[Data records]
((
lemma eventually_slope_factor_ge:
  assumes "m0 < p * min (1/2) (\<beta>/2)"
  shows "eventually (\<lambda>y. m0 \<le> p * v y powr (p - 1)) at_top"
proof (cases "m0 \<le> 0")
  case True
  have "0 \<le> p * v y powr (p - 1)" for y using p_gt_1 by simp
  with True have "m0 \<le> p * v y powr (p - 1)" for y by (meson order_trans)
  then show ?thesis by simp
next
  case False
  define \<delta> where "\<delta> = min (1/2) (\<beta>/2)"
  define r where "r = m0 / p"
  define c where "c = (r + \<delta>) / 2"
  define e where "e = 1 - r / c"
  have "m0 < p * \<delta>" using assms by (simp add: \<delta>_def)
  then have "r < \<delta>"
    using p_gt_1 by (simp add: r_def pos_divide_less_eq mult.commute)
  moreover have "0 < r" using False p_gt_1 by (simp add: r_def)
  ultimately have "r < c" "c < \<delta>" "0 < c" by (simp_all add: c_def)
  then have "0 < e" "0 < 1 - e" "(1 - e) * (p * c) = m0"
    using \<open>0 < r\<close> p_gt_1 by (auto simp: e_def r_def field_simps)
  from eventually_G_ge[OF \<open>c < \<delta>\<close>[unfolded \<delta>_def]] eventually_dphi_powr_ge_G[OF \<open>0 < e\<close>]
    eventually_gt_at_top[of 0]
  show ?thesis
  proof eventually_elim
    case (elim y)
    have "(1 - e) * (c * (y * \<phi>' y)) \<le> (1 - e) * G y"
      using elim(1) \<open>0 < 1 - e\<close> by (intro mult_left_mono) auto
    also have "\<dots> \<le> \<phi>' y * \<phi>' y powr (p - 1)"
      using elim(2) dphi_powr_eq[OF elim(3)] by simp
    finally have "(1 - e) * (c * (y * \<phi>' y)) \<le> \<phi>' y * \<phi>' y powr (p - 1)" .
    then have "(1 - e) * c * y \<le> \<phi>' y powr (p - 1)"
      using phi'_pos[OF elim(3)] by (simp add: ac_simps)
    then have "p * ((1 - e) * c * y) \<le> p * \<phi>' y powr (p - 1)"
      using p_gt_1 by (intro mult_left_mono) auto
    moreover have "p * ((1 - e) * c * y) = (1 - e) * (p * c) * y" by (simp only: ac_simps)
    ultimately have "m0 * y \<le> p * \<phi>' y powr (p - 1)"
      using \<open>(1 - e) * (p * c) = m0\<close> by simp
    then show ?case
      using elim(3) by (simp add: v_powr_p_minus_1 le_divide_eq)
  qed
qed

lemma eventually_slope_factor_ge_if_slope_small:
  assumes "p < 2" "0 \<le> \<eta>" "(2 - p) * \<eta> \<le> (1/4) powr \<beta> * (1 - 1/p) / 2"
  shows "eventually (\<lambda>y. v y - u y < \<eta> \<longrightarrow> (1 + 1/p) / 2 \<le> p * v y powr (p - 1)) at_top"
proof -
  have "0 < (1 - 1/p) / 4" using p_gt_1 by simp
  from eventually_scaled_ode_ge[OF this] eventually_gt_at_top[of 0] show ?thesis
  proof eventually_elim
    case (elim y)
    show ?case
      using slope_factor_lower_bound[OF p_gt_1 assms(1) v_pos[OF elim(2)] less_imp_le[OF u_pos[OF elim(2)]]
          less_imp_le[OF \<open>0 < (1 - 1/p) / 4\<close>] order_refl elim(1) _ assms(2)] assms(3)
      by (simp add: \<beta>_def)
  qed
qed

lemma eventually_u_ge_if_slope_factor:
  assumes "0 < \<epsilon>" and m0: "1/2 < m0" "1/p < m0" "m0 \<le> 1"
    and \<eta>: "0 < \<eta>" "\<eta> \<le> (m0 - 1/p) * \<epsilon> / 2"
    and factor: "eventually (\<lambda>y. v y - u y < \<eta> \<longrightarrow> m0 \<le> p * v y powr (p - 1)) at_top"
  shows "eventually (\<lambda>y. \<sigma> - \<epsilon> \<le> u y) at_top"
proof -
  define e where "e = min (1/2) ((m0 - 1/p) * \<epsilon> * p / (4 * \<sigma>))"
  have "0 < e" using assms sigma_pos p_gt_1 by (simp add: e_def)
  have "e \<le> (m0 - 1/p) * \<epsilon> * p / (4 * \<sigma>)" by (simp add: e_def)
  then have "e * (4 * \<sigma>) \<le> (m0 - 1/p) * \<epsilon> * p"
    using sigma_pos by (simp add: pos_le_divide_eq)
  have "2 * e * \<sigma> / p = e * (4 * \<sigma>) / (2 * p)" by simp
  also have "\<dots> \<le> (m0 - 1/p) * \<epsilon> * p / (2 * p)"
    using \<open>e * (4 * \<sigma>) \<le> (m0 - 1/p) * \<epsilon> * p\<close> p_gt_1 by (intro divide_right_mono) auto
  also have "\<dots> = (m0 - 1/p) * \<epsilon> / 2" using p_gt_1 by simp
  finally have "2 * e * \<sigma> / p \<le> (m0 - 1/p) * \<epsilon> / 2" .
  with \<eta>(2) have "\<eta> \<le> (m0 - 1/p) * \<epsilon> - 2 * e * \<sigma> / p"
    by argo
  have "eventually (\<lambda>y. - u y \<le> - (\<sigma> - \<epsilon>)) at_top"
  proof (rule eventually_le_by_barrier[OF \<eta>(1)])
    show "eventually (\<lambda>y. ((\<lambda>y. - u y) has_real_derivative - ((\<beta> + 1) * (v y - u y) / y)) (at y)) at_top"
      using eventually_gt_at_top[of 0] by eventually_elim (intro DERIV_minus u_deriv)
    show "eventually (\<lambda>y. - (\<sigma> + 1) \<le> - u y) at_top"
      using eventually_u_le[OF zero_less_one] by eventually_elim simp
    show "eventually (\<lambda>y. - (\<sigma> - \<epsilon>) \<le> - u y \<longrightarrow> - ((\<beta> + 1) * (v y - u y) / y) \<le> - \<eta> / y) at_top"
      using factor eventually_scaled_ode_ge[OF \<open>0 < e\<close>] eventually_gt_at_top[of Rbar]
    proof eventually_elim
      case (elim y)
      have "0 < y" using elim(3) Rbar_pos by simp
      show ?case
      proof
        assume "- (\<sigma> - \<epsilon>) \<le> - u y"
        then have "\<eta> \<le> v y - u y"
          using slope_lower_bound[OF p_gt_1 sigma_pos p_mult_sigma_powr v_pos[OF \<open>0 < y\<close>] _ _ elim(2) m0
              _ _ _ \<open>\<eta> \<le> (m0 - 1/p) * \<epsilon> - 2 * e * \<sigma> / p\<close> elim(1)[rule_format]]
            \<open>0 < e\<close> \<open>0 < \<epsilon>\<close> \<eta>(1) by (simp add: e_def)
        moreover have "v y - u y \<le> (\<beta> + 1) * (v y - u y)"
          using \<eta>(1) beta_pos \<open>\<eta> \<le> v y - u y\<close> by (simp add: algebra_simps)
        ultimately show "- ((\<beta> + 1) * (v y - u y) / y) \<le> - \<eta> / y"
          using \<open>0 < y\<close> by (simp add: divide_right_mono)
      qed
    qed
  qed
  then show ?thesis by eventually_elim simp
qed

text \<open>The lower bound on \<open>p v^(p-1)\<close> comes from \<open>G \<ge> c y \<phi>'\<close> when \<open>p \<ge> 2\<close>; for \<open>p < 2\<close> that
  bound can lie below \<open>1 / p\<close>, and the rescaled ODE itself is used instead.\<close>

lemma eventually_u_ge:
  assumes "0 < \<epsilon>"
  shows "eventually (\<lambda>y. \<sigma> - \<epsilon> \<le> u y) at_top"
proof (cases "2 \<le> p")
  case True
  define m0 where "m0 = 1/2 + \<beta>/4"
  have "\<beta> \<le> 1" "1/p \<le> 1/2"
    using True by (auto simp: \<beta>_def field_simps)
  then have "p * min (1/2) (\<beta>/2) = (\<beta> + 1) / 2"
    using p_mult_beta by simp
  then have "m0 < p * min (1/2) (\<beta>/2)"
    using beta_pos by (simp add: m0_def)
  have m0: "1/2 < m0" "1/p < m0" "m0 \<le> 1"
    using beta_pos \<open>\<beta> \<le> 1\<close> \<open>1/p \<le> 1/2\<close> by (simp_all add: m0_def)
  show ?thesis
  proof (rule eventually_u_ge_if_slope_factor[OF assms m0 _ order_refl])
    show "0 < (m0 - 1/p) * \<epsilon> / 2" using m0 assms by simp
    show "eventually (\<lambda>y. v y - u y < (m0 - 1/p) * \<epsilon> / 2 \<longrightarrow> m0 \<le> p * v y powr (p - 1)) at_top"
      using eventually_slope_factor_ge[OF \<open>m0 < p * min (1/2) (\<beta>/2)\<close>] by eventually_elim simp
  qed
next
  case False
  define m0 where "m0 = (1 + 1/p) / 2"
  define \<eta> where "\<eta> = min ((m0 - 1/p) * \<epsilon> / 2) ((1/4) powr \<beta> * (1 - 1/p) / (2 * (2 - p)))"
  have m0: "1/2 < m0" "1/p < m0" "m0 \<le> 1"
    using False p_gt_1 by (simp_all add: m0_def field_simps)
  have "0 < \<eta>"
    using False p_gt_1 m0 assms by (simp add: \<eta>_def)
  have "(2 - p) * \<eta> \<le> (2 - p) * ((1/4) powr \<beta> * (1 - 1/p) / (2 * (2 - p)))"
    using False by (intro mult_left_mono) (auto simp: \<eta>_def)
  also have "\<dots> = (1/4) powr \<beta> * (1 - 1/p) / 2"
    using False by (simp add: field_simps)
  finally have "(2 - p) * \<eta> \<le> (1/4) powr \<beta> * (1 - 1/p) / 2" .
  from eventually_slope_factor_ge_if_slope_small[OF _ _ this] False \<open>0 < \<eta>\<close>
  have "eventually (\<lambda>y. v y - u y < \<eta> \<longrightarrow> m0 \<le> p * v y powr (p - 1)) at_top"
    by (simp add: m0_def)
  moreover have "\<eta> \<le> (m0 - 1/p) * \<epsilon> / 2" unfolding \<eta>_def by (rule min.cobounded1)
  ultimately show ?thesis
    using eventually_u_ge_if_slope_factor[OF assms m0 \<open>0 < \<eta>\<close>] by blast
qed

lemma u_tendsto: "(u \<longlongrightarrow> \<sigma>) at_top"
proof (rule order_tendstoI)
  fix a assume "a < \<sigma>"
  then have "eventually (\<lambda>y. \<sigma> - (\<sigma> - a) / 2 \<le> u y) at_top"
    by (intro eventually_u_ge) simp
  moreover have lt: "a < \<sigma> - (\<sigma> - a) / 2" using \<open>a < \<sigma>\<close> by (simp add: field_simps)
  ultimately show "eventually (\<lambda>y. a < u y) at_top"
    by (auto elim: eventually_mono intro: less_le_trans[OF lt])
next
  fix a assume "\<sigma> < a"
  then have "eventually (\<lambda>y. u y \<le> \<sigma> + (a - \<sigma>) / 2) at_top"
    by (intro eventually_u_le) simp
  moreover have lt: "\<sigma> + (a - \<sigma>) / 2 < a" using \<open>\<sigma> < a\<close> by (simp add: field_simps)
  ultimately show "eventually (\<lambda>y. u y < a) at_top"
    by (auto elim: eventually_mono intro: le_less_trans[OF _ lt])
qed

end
))
Exercise details - Reproduce the lines of the entries above from the one with "using factor eventually_scaled_ode_ge[OF" to the one with "using slope_lower_bound[OF p_gt_1", both included, exactly and without any other line.

The answer -
      using factor eventually_scaled_ode_ge[OF \<open>0 < e\<close>] eventually_gt_at_top[of Rbar]
    proof eventually_elim
      case (elim y)
      have "0 < y" using elim(3) Rbar_pos by simp
      show ?case
      proof
        assume "- (\<sigma> - \<epsilon>) \<le> - u y"
        then have "\<eta> \<le> v y - u y"
          using slope_lower_bound[OF p_gt_1 sigma_pos p_mult_sigma_powr v_pos[OF \<open>0 < y\<close>] _ _ elim(2) m0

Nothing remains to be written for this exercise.